▶ _Task to carry out_
Up to and including the line with "deriv (\<lambda>s. f", output the records exactly as they appear.

☆ ☆ ☆ ☆ ☆

definition poly2 :: "nat \<Rightarrow> (real \<times> real \<Rightarrow> real) \<Rightarrow> bool" where
  "poly2 k f \<longleftrightarrow> (\<exists>c :: nat \<Rightarrow> nat \<Rightarrow> real.
      \<forall>a b. f (a, b) = (\<Sum>i\<le>k. \<Sum>j\<le>k - i. c i j * a ^ i * b ^ j))"

definition pdx :: "(real \<times> real \<Rightarrow> real) \<Rightarrow> real \<times> real \<Rightarrow> real" where
  "pdx f z = deriv (\<lambda>s. f (s, snd z)) (fst z)"

definition pdy :: "(real \<times> real \<Rightarrow> real) \<Rightarrow> real \<times> real \<Rightarrow> real" where
  "pdy f z = deriv (\<lambda>t. f (fst z, t)) (snd z)"

definition grad :: "(real \<times> real \<Rightarrow> real) \<Rightarrow> real \<times> real \<Rightarrow> real \<times> real" where
  "grad f z = (pdx f z, pdy f z)"

definition dive :: "(real \<times> real \<Rightarrow> real \<times> real) \<Rightarrow> real \<times> real \<Rightarrow> real" where
  "dive w z = pdx (\<lambda>u. fst (w u)) z + pdy (\<lambda>u. snd (w u)) z"

fun Ck :: "nat \<Rightarrow> (real \<times> real \<Rightarrow> real) \<Rightarrow> (real \<times> real) set \<Rightarrow> bool" where
  "Ck 0 f U = continuous_on U f"
| "Ck (Suc n) f U = (continuous_on U f \<and>
     (\<forall>z\<in>U. (\<lambda>s. f (s, snd z)) differentiable (at (fst z)) \<and>
             (\<lambda>t. f (fst z, t)) differentiable (at (snd z))) \<and>
     Ck n (pdx f) U \<and> Ck n (pdy f) U)"

definition smooth_near :: "(real \<times> real \<Rightarrow> real) \<Rightarrow> (real \<times> real) set \<Rightarrow> bool" where
  "smooth_near f S \<longleftrightarrow> (\<exists>U. open U \<and> S \<subseteq> U \<and> (\<forall>n. Ck n f U))"

text \<open>Boundary term (A^- S^- nu, p) over the four edges; "-" = left/lower cell; on the boundary of
  the domain the interior trace is used for S (and A).\<close>
definition eq1 ::
  "(nat \<Rightarrow> real) \<Rightarrow> (nat \<Rightarrow> real) \<Rightarrow> nat \<Rightarrow> real
   \<Rightarrow> (nat \<Rightarrow> nat \<Rightarrow> nat \<Rightarrow> nat \<Rightarrow> real \<times> real \<Rightarrow> real)
   \<Rightarrow> (nat \<Rightarrow> nat \<Rightarrow> nat \<Rightarrow> nat \<Rightarrow> real \<times> real \<Rightarrow> real)
   \<Rightarrow> (nat \<Rightarrow> nat \<Rightarrow> nat \<Rightarrow> nat \<Rightarrow> real \<times> real \<Rightarrow> real \<times> real)
   \<Rightarrow> nat \<Rightarrow> nat \<Rightarrow> nat \<Rightarrow> (nat \<Rightarrow> real \<times> real \<Rightarrow> real) \<Rightarrow> bool" where
  "eq1 x y M dt A v S n i j p \<longleftrightarrow>
    (let il = (if i = 0 then i else i - 1); jl = (if j = 0 then j else j - 1) in
     (\<Sum>k<M. integral (cell x y i j)
        (\<lambda>z. (v (Suc n) k i j z - 2 * v n k i j z + v (n - 1) k i j z) / dt ^ 2 * p k z))
   + (\<Sum>k<M. integral (cell x y i j)
        (\<lambda>z. (\<Sum>l<M. A i j k l z *\<^sub>R S n l i j z) \<bullet> grad (p k) z))
   - (\<Sum>k<M.
        integral {y j..y (Suc j)} (\<lambda>t. (\<Sum>l<M. A i j k l (x (Suc i), t) * fst (S n l i j (x (Suc i), t)))
                                        * p k (x (Suc i), t))
      - integral {y j..y (Suc j)} (\<lambda>t. (\<Sum>l<M. A il j k l (x i, t) * fst (S n l il j (x i, t)))
                                        * p k (x i, t))
      + integral {x i..x (Suc i)} (\<lambda>s. (\<Sum>l<M. A i j k l (s, y (Suc j)) * snd (S n l i j (s, y (Suc j))))
                                        * p k (s, y (Suc j)))
      - integral {x i..x (Suc i)} (\<lambda>s. (\<Sum>l<M. A i jl k l (s, y j) * snd (S n l i jl (s, y j)))
                                        * p k (s, y j)))
   = 0)"

text \<open>Boundary term (A (v)^+, w nu) with A from inside the cell; "+" = right/upper cell;
  on the boundary of the domain the homogeneous Dirichlet value 0 is used for v.\<close>
definition eq2 ::
  "(nat \<Rightarrow> real) \<Rightarrow> (nat \<Rightarrow> real) \<Rightarrow> nat \<Rightarrow> nat \<Rightarrow> nat
   \<Rightarrow> (nat \<Rightarrow> nat \<Rightarrow> nat \<Rightarrow> nat \<Rightarrow> real \<times> real \<Rightarrow> real)
   \<Rightarrow> (nat \<Rightarrow> nat \<Rightarrow> nat \<Rightarrow> nat \<Rightarrow> real \<times> real \<Rightarrow> real)
   \<Rightarrow> (nat \<Rightarrow> nat \<Rightarrow> nat \<Rightarrow> nat \<Rightarrow> real \<times> real \<Rightarrow> real \<times> real)
   \<Rightarrow> nat \<Rightarrow> nat \<Rightarrow> nat \<Rightarrow> (nat \<Rightarrow> real \<times> real \<Rightarrow> real \<times> real) \<Rightarrow> bool" where
  "eq2 x y Nx Ny M A v S n i j w \<longleftrightarrow>
    (let vR = (\<lambda>l t. if Suc i < Nx then v n l (Suc i) j (x (Suc i), t) else 0);
         vL = (\<lambda>l t. if i = 0 then 0 else v n l i j (x i, t));
         vT = (\<lambda>l s. if Suc j < Ny then v n l i (Suc j) (s, y (Suc j)) else 0);
         vB = (\<lambda>l s. if j = 0 then 0 else v n l i j (s, y j)) in
     (\<Sum>k<M. integral (cell x y i j) (\<lambda>z. S n k i j z \<bullet> w k z))
   + (\<Sum>k<M. integral (cell x y i j)
        (\<lambda>z. (\<Sum>l<M. A i j k l z * v n l i j z) * dive (w k) z))
   + (\<Sum>k<M. integral (cell x y i j)
        (\<lambda>z. (\<Sum>l<M. v n l i j z *\<^sub>R grad (A i j k l) z) \<bullet> w k z))
   - (\<Sum>k<M.
        integral {y j..y (Suc j)} (\<lambda>t. (\<Sum>l<M. A i j k l (x (Suc i), t) * vR l t)
                                        * fst (w k (x (Suc i), t)))
      - integral {y j..y (Suc j)} (\<lambda>t. (\<Sum>l<M. A i j k l (x i, t) * vL l t)
                                        * fst (w k (x i, t)))
      + integral {x i..x (Suc i)} (\<lambda>s. (\<Sum>l<M. A i j k l (s, y (Suc j)) * vT l s)
                                        * snd (w k (s, y (Suc j))))
      - integral {x i..x (Suc i)} (\<lambda>s. (\<Sum>l<M. A i j k l (s, y j) * vB l s)
                                        * snd (w k (s, y j))))
   = 0)"

definition l2sq :: "(nat \<Rightarrow> real) \<Rightarrow> (nat \<Rightarrow> real) \<Rightarrow> nat \<Rightarrow> nat \<Rightarrow> nat
   \<Rightarrow> (nat \<Rightarrow> nat \<Rightarrow> nat \<Rightarrow> real \<times> real \<Rightarrow> 'a :: real_normed_vector) \<Rightarrow> real" where
  "l2sq x y Nx Ny M f = (\<Sum>i<Nx. \<Sum>j<Ny. \<Sum>k<M. integral (cell x y i j) (\<lambda>z. (norm (f k i j z))\<^sup>2))"

text \<open>Discrete energy E_h^n (for n >= 1).\<close>
definition energy :: "(nat \<Rightarrow> real) \<Rightarrow> (nat \<Rightarrow> real) \<Rightarrow> nat \<Rightarrow> nat \<Rightarrow> nat \<Rightarrow> real
   \<Rightarrow> (nat \<Rightarrow> nat \<Rightarrow> nat \<Rightarrow> nat \<Rightarrow> real \<times> real \<Rightarrow> real)
   \<Rightarrow> (nat \<Rightarrow> nat \<Rightarrow> nat \<Rightarrow> nat \<Rightarrow> real \<times> real \<Rightarrow> real \<times> real) \<Rightarrow> nat \<Rightarrow> real" where
  "energy x y Nx Ny M dt v S n =
     l2sq x y Nx Ny M (\<lambda>k i j z. (v n k i j z - v (n - 1) k i j z) / dt)
   + l2sq x y Nx Ny M (\<lambda>k i j z. (1 / 2) *\<^sub>R (S n k i j z + S (n - 1) k i j z))
   - dt ^ 2 / 4 * l2sq x y Nx Ny M (\<lambda>k i j z. (1 / dt) *\<^sub>R (S n k i j z - S (n - 1) k i j z))"

end

theory Submission
  imports Defs
begin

☆ ☆ ☆ ☆ ☆

▶ _Answer to this exercise_
definition poly2 :: "nat \<Rightarrow> (real \<times> real \<Rightarrow> real) \<Rightarrow> bool" where
  "poly2 k f \<longleftrightarrow> (\<exists>c :: nat \<Rightarrow> nat \<Rightarrow> real.
      \<forall>a b. f (a, b) = (\<Sum>i\<le>k. \<Sum>j\<le>k - i. c i j * a ^ i * b ^ j))"

definition pdx :: "(real \<times> real \<Rightarrow> real) \<Rightarrow> real \<times> real \<Rightarrow> real" where
  "pdx f z = deriv (\<lambda>s. f (s, snd z)) (fst z)"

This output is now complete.